▸ About this task
Search the entries for the word "auto" and copy each line that has it.

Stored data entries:
Start of Block

(* Let $(X,r)$ be a non-degenerate involutive set-theoretic solution with $|X|=n$, identified with $\{1,\dots,n\}$, with table $\mathcal{T}$, and let $(\mathcal{X}^2,\tilde r)$ be the induced pair. Let $\mathrm{Orb}(T_1^1)$ be the orbit of $T_1^1$ under the action of the structure group $G(\mathcal{X}^2,\tilde r)$ on $\mathcal{X}^2$. The following are equivalent: (i) $(\mathcal{X}^2,\tilde r)$ is indecomposable; (ii) $\mathrm{Orb}(T_1^1)=\mathcal{X}^2$; (iii) for every $1\le s,m\le n$ there exist a natural number $\ell$ and $1\le i_1,\dots,i_\ell,k_1,\dots,k_\ell\le n$ such that $\sigma_{i_1}\sigma_{i_2}\cdots\sigma_{i_\ell}(1)=s$ and $\sigma_{k_1}\sigma_{k_2}\cdots\sigma_{k_\ell}(1)=m$; (iv) for every $1\le s,m\le n$ there exists a natural number $\ell$ such that $s$ and $m$ both appear in column $\ell$ of $\mathcal{T}$.
   Context: A set-theoretic solution is $r:X\times X\to X\times X$, $r(x,y)=(\sigma_x(y),\gamma_y(x))$, with $r^{12}r^{23}r^{12}=r^{23}r^{12}r^{23}$; non-degenerate: all $\sigma_x,\gamma_x$ bijective; involutive: $r\circ r=\mathrm{Id}$. Induced pair: $\mathcal{X}^2=\{T_i^k:1\le i,k\le n\}$ ($n^2$ symbols), $\tilde r(T_i^k,T_j^l)=(g_i^k(T_j^l),f_j^l(T_i^k))$ with $g_i^k(T_j^l)=T_{\sigma_i(j)}^{\sigma_k(l)}$, $f_j^l(T_i^k)=T_{\gamma_j(i)}^{\gamma_l(k)}$; it is a non-degenerate involutive solution. The structure group of a solution $(Y,s)$ with $s(x,y)=(\alpha_x(y),\beta_y(x))$ is $G(Y,s)=\langle Y\mid xy=\alpha_x(y)\beta_y(x),\ x,y\in Y\rangle$; it acts on $Y$ with generator $x$ acting as $\alpha_x$ (so for $G(\mathcal{X}^2,\tilde r)$, the generator $T_i^k$ acts as $g_i^k$). A subset $Z$ is non-degenerate invariant if $s(Z\times Z)\subseteq Z\times Z$ and the restriction is a non-degenerate involutive solution; a solution is decomposable if it is a union of two non-empty disjoint non-degenerate invariant subsets, indecomposable otherwise. The table $\mathcal{T}$ of $(X,r)$ has columns indexed by natural numbers $\ell\ge1$, and column $\ell$ consists of all $s\in X$ for which there exist $1\le i_1,\dots,i_\ell\le n$ with $\sigma_{i_1}\sigma_{i_2}\cdots\sigma_{i_\ell}(1)=s$. *)

theory Defs
  imports Main
begin

text \<open>A map s(x,y) = (alpha x y, beta y x) on a carrier Y.\<close>

definition braid_on :: "'a set \<Rightarrow> ('a \<Rightarrow> 'a \<Rightarrow> 'a) \<Rightarrow> ('a \<Rightarrow> 'a \<Rightarrow> 'a) \<Rightarrow> bool" where
  "braid_on Y \<alpha> \<beta> \<longleftrightarrow>
     (\<forall>x\<in>Y. \<forall>y\<in>Y. \<alpha> x y \<in> Y \<and> \<beta> y x \<in> Y) \<and>
     (\<forall>x\<in>Y. \<forall>y\<in>Y. \<forall>z\<in>Y.
        \<comment> \<open>r12 r23 r12 (x,y,z) = r23 r12 r23 (x,y,z)\<close>
        (let (a1, b1) = (\<alpha> x y, \<beta> y x);
             (b2, c2) = (\<alpha> b1 z, \<beta> z b1);
             (a3, b3) = (\<alpha> a1 b2, \<beta> b2 a1);
             (p1, q1) = (\<alpha> y z, \<beta> z y);
             (x2, p2) = (\<alpha> x p1, \<beta> p1 x);
             (p3, q3) = (\<alpha> p2 q1, \<beta> q1 p2)
         in (a3, b3, c2) = (x2, p3, q3)))"

definition nondegenerate_on :: "'a set \<Rightarrow> ('a \<Rightarrow> 'a \<Rightarrow> 'a) \<Rightarrow> ('a \<Rightarrow> 'a \<Rightarrow> 'a) \<Rightarrow> bool" where
  "nondegenerate_on Y \<alpha> \<beta> \<longleftrightarrow> (\<forall>x\<in>Y. bij_betw (\<alpha> x) Y Y \<and> bij_betw (\<beta> x) Y Y)"

definition involutive_on :: "'a set \<Rightarrow> ('a \<Rightarrow> 'a \<Rightarrow> 'a) \<Rightarrow> ('a \<Rightarrow> 'a \<Rightarrow> 'a) \<Rightarrow> bool" where
  "involutive_on Y \<alpha> \<beta> \<longleftrightarrow>
     (\<forall>x\<in>Y. \<forall>y\<in>Y. \<alpha> (\<alpha> x y) (\<beta> y x) = x \<and> \<beta> (\<beta> y x) (\<alpha> x y) = y)"
(* Let $n,m,l$ be positive integers, $f:\mathbb{R}^n\times\mathbb{R}^m\to\mathbb{R}^n$ smooth with $f(0,0)=0$, $g_1,\dots,g_l:\mathbb{R}^n\times\mathbb{R}^m\to\mathbb{R}$ smooth with $g_i(0,0)=0$, and let $N_1,\dots,N_l\in\{1,\dots,n\}$ be pairwise distinct. Consider the system $$\dot x=f(x,u)+g_1(x,u)\theta_1e_{N_1}+\dots+g_l(x,u)\theta_le_{N_l},\qquad x\in\mathbb{R}^n,\ u\in\mathbb{R}^m,$$ with $e_1,\dots,e_n$ the standard basis of $\mathbb{R}^n$ and unknown constant $\theta=(\theta_1,\dots,\theta_l)'\in\mathbb{R}^l$, and let $k:\mathbb{R}^l\times\mathbb{R}^n\to\mathbb{R}^m$ be smooth with $k(\vartheta,0)=0$ for all $\vartheta$. Suppose that for every $\theta,\hat\theta_1,\dots,\hat\theta_l\in\mathbb{R}^l$ the sets $I_1,\dots,I_l$ produced by the algorithm in the context satisfy $I_1\cup\dots\cup I_l=\{1,\dots,l\}$. Then the following holds (with $N=l$ and $g(x,u)$ the $n\times l$ matrix whose $p$-th column is $g_p(x,u)e_{N_p}$): if there exist times $0=\tau_0<\tau_1<\dots<\tau_l$, vectors $\theta,d_0,\dots,d_l\in\mathbb{R}^l$ with $d_i\ne0$ for $i=0,\dots,l$, and a right differentiable $x\in C^0([0,\tau_l];\mathbb{R}^n)\cap C^1([0,\tau_l]\setminus\{\tau_0,\dots,\tau_l\};\mathbb{R}^n)$ satisfying $\dot x(t)=f(x(t),k(\theta+d_i,x(t)))+g(x(t),k(\theta+d_i,x(t)))\theta$ for $t\in[\tau_i,\tau_{i+1})$, $i=0,\dots,l-1$, and $g(x(t),k(\theta+d_j,x(t)))d_{i+1}=0$ for all $t\in[\tau_j,\tau_{j+1}]$, $i=0,\dots,l-1$, $j=0,\dots,i$, then $x(t)=0$ for all $t\in[0,\tau_l]$.
   Context: Algorithm: given $\theta,\hat\theta_1,\dots,\hat\theta_l\in\mathbb{R}^l$, for $z\in\mathbb{R}^l$ define the vector field $F_z(x)=f(x,k(z,x))+\sum_{i=1}^lg_i(x,k(z,x))\theta_ie_{N_i}$. For a given $z$, say index $i\in\{1,\dots,l\}$ satisfies the implication ( * ) if: whenever $x\in\mathbb{R}^n$ satisfies $h_i(x)=0$ and $L_{F_z}^{(j)}h_i(x)=0$ for all $j=1,2,\dots$, where $h_i(x):=g_i(x,k(z,x))$, then $x=0$. Here $L_Fh=\nabla h\,F$ is the Lie derivative and $L_F^{(j)}h=L_FL_F^{(j-1)}h$, $L_F^{(1)}h=L_Fh$. Step 1: set $z=\hat\theta_1$ and let $I_1$ be the set of indices $i$ satisfying ( * ). Step $s>1$: set $z=\hat\theta_s$, then replace the component $z_i$ by $\theta_i$ for every $i\in I_1\cup\dots\cup I_{s-1}$; let $I_s$ be the set of indices $i$ satisfying ( * ) for this $z$. *)

theory Defs
  imports "HOL-Analysis.Analysis"
begin

fun iter_dderiv :: "('a::real_normed_vector \<Rightarrow> 'b::real_normed_vector) \<Rightarrow> 'a list \<Rightarrow> 'a \<Rightarrow> 'b" where
  "iter_dderiv f [] = f"
| "iter_dderiv f (v # vs) = (\<lambda>x. frechet_derivative (iter_dderiv f vs) (at x) v)"

definition smooth :: "('a::real_normed_vector \<Rightarrow> 'b::real_normed_vector) \<Rightarrow> bool" where
  "smooth f \<longleftrightarrow> (\<forall>vs x. iter_dderiv f vs differentiable (at x))"

fun lie_deriv :: "('a::real_normed_vector \<Rightarrow> 'a) \<Rightarrow> ('a \<Rightarrow> real) \<Rightarrow> nat \<Rightarrow> 'a \<Rightarrow> real" where
  "lie_deriv F h 0 = h"
| "lie_deriv F h (Suc j) = (\<lambda>x. frechet_derivative (lie_deriv F h j) (at x) (F x))"

definition gtheta :: "('l::finite \<Rightarrow> real^'n \<Rightarrow> real^'m \<Rightarrow> real) \<Rightarrow> ('l \<Rightarrow> 'n::finite)
     \<Rightarrow> real^'n \<Rightarrow> real^'m \<Rightarrow> real^'l \<Rightarrow> real^'n" where
  "gtheta g N x u th = (\<Sum>p\<in>UNIV. (g p x u * th $ p) *\<^sub>R axis (N p) 1)"

definition Fz :: "(real^'n \<Rightarrow> real^'m \<Rightarrow> real^'n) \<Rightarrow> ('l::finite \<Rightarrow> real^'n \<Rightarrow> real^'m \<Rightarrow> real)
     \<Rightarrow> ('l \<Rightarrow> 'n::finite) \<Rightarrow> (real^'l \<Rightarrow> real^'n \<Rightarrow> real^'m) \<Rightarrow> real^'l \<Rightarrow> real^'l
     \<Rightarrow> real^'n \<Rightarrow> real^'n" where
  "Fz f g N k th z x = f x (k z x) + gtheta g N x (k z x) th"

definition star_prop :: "(real^'n \<Rightarrow> real^'m \<Rightarrow> real^'n) \<Rightarrow> ('l::finite \<Rightarrow> real^'n \<Rightarrow> real^'m \<Rightarrow> real)
     \<Rightarrow> ('l \<Rightarrow> 'n::finite) \<Rightarrow> (real^'l \<Rightarrow> real^'n \<Rightarrow> real^'m) \<Rightarrow> real^'l \<Rightarrow> real^'l \<Rightarrow> 'l \<Rightarrow> bool" where
  "star_prop f g N k th z i \<longleftrightarrow>
     (\<forall>x. (g i x (k z x) = 0 \<and> (\<forall>j\<ge>1. lie_deriv (Fz f g N k th z) (\<lambda>y. g i y (k z y)) j x = 0))
          \<longrightarrow> x = 0)"

text \<open>alg_union ... s = I_1 \<union> ... \<union> I_s (steps s = 1..l use hat s).\<close>
fun alg_union :: "(real^'n \<Rightarrow> real^'m \<Rightarrow> real^'n) \<Rightarrow> ('l::finite \<Rightarrow> real^'n \<Rightarrow> real^'m \<Rightarrow> real)
     \<Rightarrow> ('l \<Rightarrow> 'n::finite) \<Rightarrow> (real^'l \<Rightarrow> real^'n \<Rightarrow> real^'m) \<Rightarrow> real^'l \<Rightarrow> (nat \<Rightarrow> real^'l)
     \<Rightarrow> nat \<Rightarrow> 'l set" where
  "alg_union f g N k th hat 0 = {}"
| "alg_union f g N k th hat (Suc s) =
     alg_union f g N k th hat s \<union>
     {i. star_prop f g N k th
           (\<chi> r. if r \<in> alg_union f g N k th hat s then th $ r else hat (Suc s) $ r) i}"

end

theory Submission
  imports Defs
begin

text \<open>If the trajectory vanished at one instant it would vanish identically: every closed-loop
  field \<open>F\<^sub>j\<close> fixes the origin and is differentiable there, so a Gronwall estimate makes the zero set
  of \<open>x\<close> open in \<open>[0, \<tau>\<^sub>l]\<close>, and it is closed by continuity. So, arguing by contradiction, \<open>x\<close> never
  vanishes. On \<open>(\<tau>\<^sub>j, \<tau>\<^sub>j\<^sub>+\<^sub>1)\<close> the constraints force \<open>h\<^sub>p(x t) = 0\<close> for every \<open>p\<close> in the support of some
  \<open>d\<^sub>i\<^sub>+\<^sub>1\<close> with \<open>i \<ge> j\<close>; then all Lie derivatives of \<open>h\<^sub>p\<close> along \<open>F\<^sub>j\<close> vanish at the nonzero point
  \<open>x t\<close>, so \<open>p\<close> fails (*) for \<open>z = \<theta> + d\<^sub>j\<close>. Feeding the algorithm \<open>\<theta>\<^sub>s = \<theta> + d\<^sub>s\<^sub>-\<^sub>1\<close>, induction on
  \<open>s\<close> shows that \<open>d\<^sub>s, \<dots>, d\<^sub>l\<close> vanish on \<open>I\<^sub>1 \<union> \<dots> \<union> I\<^sub>s\<close>; for \<open>s = l\<close> this gives \<open>d\<^sub>l = 0\<close>.\<close>

section \<open>Smooth functions\<close>

fun differentiable_to_order :: "nat \<Rightarrow> ('a::real_normed_vector \<Rightarrow> 'b::real_normed_vector) \<Rightarrow> bool" where
  "differentiable_to_order 0 f = True"
| "differentiable_to_order (Suc n) f \<longleftrightarrow>
     (\<forall>x. f differentiable (at x)) \<and>
     (\<forall>v. differentiable_to_order n (\<lambda>x. frechet_derivative f (at x) v))"

lemma iter_dderiv_snoc:
  "iter_dderiv f (vs @ [v]) = iter_dderiv (\<lambda>x. frechet_derivative f (at x) v) vs"
  by (induction vs) auto

lemma differentiable_to_order_iter_dderiv:
  "differentiable_to_order (Suc (length vs)) f \<Longrightarrow> iter_dderiv f vs differentiable (at x)"
proof (induction vs arbitrary: f rule: rev_induct)
  case (snoc v vs)
  then show ?case by (simp add: iter_dderiv_snoc)
qed simp

lemma smooth_iff_differentiable_to_order:
  "smooth f \<longleftrightarrow> (\<forall>n. differentiable_to_order n f)"
proof
  show "\<forall>n. differentiable_to_order n f" if "smooth f"
  proof
    show "differentiable_to_order n f" for n
      using that
    proof (induction n arbitrary: f)
      case (Suc n)
      have "smooth (\<lambda>x. frechet_derivative f (at x) v)" for v
        using Suc.prems unfolding smooth_def by (metis iter_dderiv_snoc)
      moreover have "f differentiable (at x)" for x
        using Suc.prems unfolding smooth_def by (metis iter_dderiv.simps(1))
      ultimately show ?case using Suc.IH by simp
    qed simp
  qed
qed (auto simp: smooth_def intro: differentiable_to_order_iter_dderiv)

lemma differentiable_to_order_Suc_imp:
  "differentiable_to_order (Suc n) f \<Longrightarrow> differentiable_to_order n f"
  by (induction n arbitrary: f) auto

lemma differentiable_to_order_SucD:
  "differentiable_to_order (Suc n) f \<Longrightarrow> (f has_derivative frechet_derivative f (at x)) (at x)"
  by (simp add: frechet_derivative_works[symmetric])

lemma differentiable_to_order_SucI:
  assumes "\<And>x. (f has_derivative f' x) (at x)"
    and "\<And>v. differentiable_to_order n (\<lambda>x. f' x v)"
  shows "differentiable_to_order (Suc n) f"
proof -
  have "(\<lambda>x. frechet_derivative f (at x) v) = (\<lambda>x. f' x v)" for v
    using assms(1) by (metis frechet_derivative_at)
  with assms show ?thesis by (auto simp: differentiable_def)
qed

lemma linear_euclidean_expansion:
  "linear L \<Longrightarrow> L (v::'a::euclidean_space) = (\<Sum>b\<in>Basis. (v \<bullet> b) *\<^sub>R L b)"
  by (metis (no_types, lifting) euclidean_representation linear_scale linear_sum sum.cong)

lemma differentiable_to_order_const: "differentiable_to_order n (\<lambda>x. c)"
  by (induction n arbitrary: c) auto

lemma differentiable_to_order_bounded_linear:
  assumes "bounded_linear L"
  shows "differentiable_to_order n L"
proof (cases n)
  case (Suc m)
  show ?thesis
    unfolding Suc using assms
    by (intro differentiable_to_order_SucI[where f'="\<lambda>x. L"] differentiable_to_order_const)
      (simp add: bounded_linear_imp_has_derivative)
qed simp

lemma differentiable_to_order_bounded_linear_comp:
  "bounded_linear L \<Longrightarrow> differentiable_to_order n f \<Longrightarrow> differentiable_to_order n (\<lambda>x. L (f x))"
proof (induction n arbitrary: f)
  case (Suc n)
  show ?case
  proof (rule differentiable_to_order_SucI)
    show "((\<lambda>x. L (f x)) has_derivative (\<lambda>v. L (frechet_derivative f (at x) v))) (at x)" for x
      using Suc.prems by (blast intro: bounded_linear.has_derivative differentiable_to_order_SucD)
    show "differentiable_to_order n (\<lambda>x. L (frechet_derivative f (at x) v))" for v
      using Suc by simp
  qed
qed simp

lemma differentiable_to_order_add:
  "differentiable_to_order n f \<Longrightarrow> differentiable_to_order n g \<Longrightarrow>
   differentiable_to_order n (\<lambda>x. f x + g x)"
proof (induction n arbitrary: f g)
  case (Suc n)
  show ?case
  proof (rule differentiable_to_order_SucI)
    show "((\<lambda>x. f x + g x) has_derivative
        (\<lambda>v. frechet_derivative f (at x) v + frechet_derivative g (at x) v)) (at x)" for x
      using Suc.prems by (blast intro: has_derivative_add differentiable_to_order_SucD)
    show "differentiable_to_order n
        (\<lambda>x. frechet_derivative f (at x) v + frechet_derivative g (at x) v)" for v
      using Suc by simp
  qed
qed simp

lemma differentiable_to_order_sum:
  "finite S \<Longrightarrow> (\<And>i. i \<in> S \<Longrightarrow> differentiable_to_order n (f i)) \<Longrightarrow>
   differentiable_to_order n (\<lambda>x. \<Sum>i\<in>S. f i x)"
  by (induction S rule: finite_induct)
    (auto intro: differentiable_to_order_add differentiable_to_order_const)

lemma differentiable_to_order_scaleR:
  "differentiable_to_order n (f::_ \<Rightarrow> real) \<Longrightarrow> differentiable_to_order n g \<Longrightarrow>
   differentiable_to_order n (\<lambda>x. f x *\<^sub>R g x)"
proof (induction n arbitrary: f g)
  case (Suc n)
  have "differentiable_to_order n f" "differentiable_to_order n g"
    using Suc.prems differentiable_to_order_Suc_imp by blast+
  show ?case
  proof (rule differentiable_to_order_SucI)
    show "((\<lambda>x. f x *\<^sub>R g x) has_derivative (\<lambda>v. f x *\<^sub>R frechet_derivative g (at x) v
        + frechet_derivative f (at x) v *\<^sub>R g x)) (at x)" for x
      using Suc.prems by (blast intro: has_derivative_scaleR differentiable_to_order_SucD)
    show "differentiable_to_order n (\<lambda>x. f x *\<^sub>R frechet_derivative g (at x) v
        + frechet_derivative f (at x) v *\<^sub>R g x)" for v
      using Suc \<open>differentiable_to_order n f\<close> \<open>differentiable_to_order n g\<close>
      by (simp add: differentiable_to_order_add)
  qed
qed simp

End of Block

▸ Answer section
  by (induction vs) auto
qed (auto simp: smooth_def intro: differentiable_to_order_iter_dderiv)
  by (induction n arbitrary: f) auto
  with assms show ?thesis by (auto simp: differentiable_def)
  by (induction n arbitrary: c) auto
    (auto intro: differentiable_to_order_add differentiable_to_order_const)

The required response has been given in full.